What you are asked to do
Below this sentence is a listing; return exactly its lines from the one with "topspace X \<Longrightarrow>" to the one with "I \<Longrightarrow> continuous_map", both kept, and nothing more.

· · · · ·

text \<open>diagonal G-action: g[s,x] = [g.s, g x], where g.s = rho_V(g) s (source has trivial action)\<close>
definition E_act :: "('g, 'b) monoid_scheme \<Rightarrow> ('g, 'a) IGsp \<Rightarrow> 'g obj \<Rightarrow> 'g
                     \<Rightarrow> (nat \<times> mat \<times> 'a) set \<Rightarrow> (nat \<times> mat \<times> 'a) set" where
  "E_act G X V g C = (case E_rep G X V C of (n, s, x) \<Rightarrow>
       eclass G X V (n, conj_hom G (trivo G n) V g s, Iact X n g x))"

definition E_bp :: "('g, 'b) monoid_scheme \<Rightarrow> ('g, 'a) IGsp \<Rightarrow> 'g obj \<Rightarrow> (nat \<times> mat \<times> 'a) set" where
  "E_bp G X V = eclass G X V (fst V, idm (fst V), Ibp X (fst V))"

definition E_mor :: "('g, 'b) monoid_scheme \<Rightarrow> ('g, 'a) IGsp \<Rightarrow> 'g obj \<Rightarrow> 'g obj \<Rightarrow> mat
                     \<Rightarrow> (nat \<times> mat \<times> 'a) set \<Rightarrow> (nat \<times> mat \<times> 'a) set" where
  "E_mor G X V W f C = (case E_rep G X V C of (n, s, x) \<Rightarrow>
       eclass G X W (n, matmul n f s, x))"

definition ER_map :: "('g, 'b) monoid_scheme \<Rightarrow> ('g, 'a) IGspace \<Rightarrow> ('g, 'c) IGspace
                      \<Rightarrow> ('g obj \<Rightarrow> 'a \<Rightarrow> 'c) \<Rightarrow> 'g obj
                      \<Rightarrow> (nat \<times> mat \<times> 'a) set \<Rightarrow> (nat \<times> mat \<times> 'c) set" where
  "ER_map G A B \<phi> V C = (case E_rep G (Res G A) V C of (n, s, x) \<Rightarrow>
       eclass G (Res G B) V (n, s, \<phi> (trivo G n) x))"

definition counit :: "('g, 'b) monoid_scheme \<Rightarrow> ('g, 'a) IGspace \<Rightarrow> 'g obj
                      \<Rightarrow> (nat \<times> mat \<times> 'a) set \<Rightarrow> 'a" where
  "counit G A V C = (case E_rep G (Res G A) V C of (n, s, x) \<Rightarrow> mor A (trivo G n) V s x)"

end

theory Submission
  imports Defs
begin

text \<open>
  The morphisms of \<open>\<I>\<^sub>G\<close> are all linear isometries, not only the equivariant ones, so
  every object \<open>V = (\<real>\<^sup>n, \<rho>)\<close> is isomorphic in \<open>\<I>\<^sub>G\<close> to \<open>\<iota>(\<real>\<^sup>n)\<close> through the
  identity matrix. Consequently every class \<open>[s, x]\<close> of \<open>ERA(V)\<close> equals \<open>[id, s\<^sub>* x]\<close>, and
  \<open>a \<mapsto> [id, id\<^sub>* a]\<close> is inverse to the counit. Both maps are continuous by the universal
  properties of the coproduct and the quotient topology; the remaining compatibilities are the
  functor laws of \<open>A\<close>.
\<close>

lemma Orth_Mats: "M \<in> Orth n \<Longrightarrow> M \<in> Mats n"
  by (simp add: Orth_def)

lemma Mats_eqI:
  "M \<in> Mats n \<Longrightarrow> N \<in> Mats n \<Longrightarrow> (\<And>i j. i < n \<Longrightarrow> j < n \<Longrightarrow> M (i,j) = N (i,j)) \<Longrightarrow> M = N"
  unfolding Mats_def by (rule PiE_ext) auto

lemma matmul_Mats: "matmul n M N \<in> Mats n"
  unfolding Mats_def matmul_def by auto

lemma idm_Mats: "idm n \<in> Mats n"
  unfolding Mats_def idm_def by auto

lemma transp_Mats: "transp n M \<in> Mats n"
  unfolding Mats_def transp_def by auto

lemma matmul_idm_left: "M \<in> Mats n \<Longrightarrow> matmul n (idm n) M = M"
  by (rule Mats_eqI[OF matmul_Mats]) (simp_all add: matmul_def idm_def of_bool_def[symmetric])

lemma matmul_idm_right: "M \<in> Mats n \<Longrightarrow> matmul n M (idm n) = M"
  by (rule Mats_eqI[OF matmul_Mats]) (simp_all add: matmul_def idm_def of_bool_def[symmetric])

lemma matmul_assoc: "matmul n (matmul n A B) C = matmul n A (matmul n B C)"
  by (rule Mats_eqI[OF matmul_Mats matmul_Mats])
    (simp add: matmul_def sum_distrib_left sum_distrib_right mult.assoc, rule sum.swap)

lemma transp_matmul: "transp n (matmul n M N) = matmul n (transp n N) (transp n M)"
  by (rule Mats_eqI[OF transp_Mats matmul_Mats]) (simp add: matmul_def transp_def mult.commute)

lemma idm_Orth: "idm n \<in> Orth n"
proof -
  have "transp n (idm n) = idm n"
    by (rule Mats_eqI[OF transp_Mats idm_Mats]) (auto simp: transp_def idm_def)
  then show ?thesis
    unfolding Orth_def using matmul_idm_left[OF idm_Mats] idm_Mats by simp
qed

lemma matmul_Orth:
  assumes "M \<in> Orth n" "N \<in> Orth n"
  shows "matmul n M N \<in> Orth n"
proof -
  have "matmul n (transp n (matmul n M N)) (matmul n M N)
      = matmul n (transp n N) (matmul n (matmul n (transp n M) M) N)"
    by (simp add: transp_matmul matmul_assoc)
  also have "\<dots> = idm n"
    using assms by (simp add: Orth_def matmul_idm_left)
  finally show ?thesis
    unfolding Orth_def using matmul_Mats by simp
qed

lemma openin_quot_top:
  "openin (quot_top X q) U \<longleftrightarrow> U \<subseteq> q ` topspace X \<and> openin X {x \<in> topspace X. q x \<in> U}"
proof -
  have Int: "{x \<in> topspace X. q x \<in> S \<inter> T} = {x \<in> topspace X. q x \<in> S} \<inter> {x \<in> topspace X. q x \<in> T}"
    for S T by auto
  have Union: "{x \<in> topspace X. q x \<in> \<Union>\<K>} = (\<Union>U\<in>\<K>. {x \<in> topspace X. q x \<in> U})" for \<K>
    by auto
  have "istopology (\<lambda>U. U \<subseteq> q ` topspace X \<and> openin X {x \<in> topspace X. q x \<in> U})"
    unfolding istopology_def Int Union by auto
  then show ?thesis
    unfolding quot_top_def by (simp add: topology_inverse')
qed

lemma topspace_quot_top: "topspace (quot_top X q) = q ` topspace X"
proof (rule subset_antisym)
  show "topspace (quot_top X q) \<subseteq> q ` topspace X"
    by (metis openin_quot_top openin_topspace)
  have "openin (quot_top X q) (q ` topspace X)"
    unfolding openin_quot_top by (auto intro: openin_subopen[THEN iffD2])
  then show "q ` topspace X \<subseteq> topspace (quot_top X q)"
    by (rule openin_subset)
qed

lemma quotient_map_quot_top: "quotient_map X (quot_top X q) q"
  unfolding quotient_map_def topspace_quot_top openin_quot_top by auto

lemma continuous_map_from_quot_top:
  assumes "continuous_map X Y h" and "\<And>x. x \<in> topspace X \<Longrightarrow> f (q x) = h x"
  shows "continuous_map (quot_top X q) Y f"
proof (rule continuous_compose_quotient_map[OF quotient_map_quot_top])
  show "continuous_map X Y (f \<circ> q)"
    using assms by (auto intro: continuous_map_eq)
qed

lemma continuous_map_from_sum_topology:
  assumes "\<And>i. i \<in> I \<Longrightarrow> continuous_map (X i) Y (\<lambda>x. h (i, x))"
  shows "continuous_map (sum_topology X I) Y h"
  unfolding continuous_map_def openin_sum_topology
proof (intro conjI allI impI)
  show "h \<in> topspace (sum_topology X I) \<rightarrow> topspace Y"
    using assms continuous_map_funspace by fastforce
  fix U assume U: "openin Y U"
  show "{z \<in> topspace (sum_topology X I). h z \<in> U} \<subseteq> Sigma I (topspace \<circ> X)"
    by auto
  have "openin (X i) {x \<in> topspace (X i). h (i, x) \<in> U}" if "i \<in> I" for i
    using assms[OF that] U by (simp add: continuous_map_def)
  moreover have "{x. (i, x) \<in> {z \<in> topspace (sum_topology X I). h z \<in> U}}
      = {x \<in> topspace (X i). h (i, x) \<in> U}" if "i \<in> I" for i
    using that by auto
  ultimately show "\<forall>i\<in>I. openin (X i) {x. (i, x) \<in> {z \<in> topspace (sum_topology X I). h z \<in> U}}"
    by simp
qed

lemma trivo_Obj:
  assumes "group G"
  shows "trivo G n \<in> Obj G"
proof -
  interpret group G by fact
  show ?thesis
    unfolding Obj_def trivo_def using idm_Orth matmul_idm_left[OF idm_Mats] by auto
qed

lemma fst_trivo [simp]: "fst (trivo G n) = n"
  by (simp add: trivo_def)

lemma snd_trivo: "g \<in> carrier G \<Longrightarrow> snd (trivo G n) g = idm n"
  by (simp add: trivo_def)

lemma Hom_dims: "f \<in> Hom V W \<Longrightarrow> fst W = fst V \<and> f \<in> Orth (fst V)"
  by (simp add: Hom_def split: if_splits)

· · · · ·

Response
  assumes "continuous_map X Y h" and "\<And>x. x \<in> topspace X \<Longrightarrow> f (q x) = h x"
  shows "continuous_map (quot_top X q) Y f"
proof (rule continuous_compose_quotient_map[OF quotient_map_quot_top])
  show "continuous_map X Y (f \<circ> q)"
    using assms by (auto intro: continuous_map_eq)
qed

lemma continuous_map_from_sum_topology:
  assumes "\<And>i. i \<in> I \<Longrightarrow> continuous_map (X i) Y (\<lambda>x. h (i, x))"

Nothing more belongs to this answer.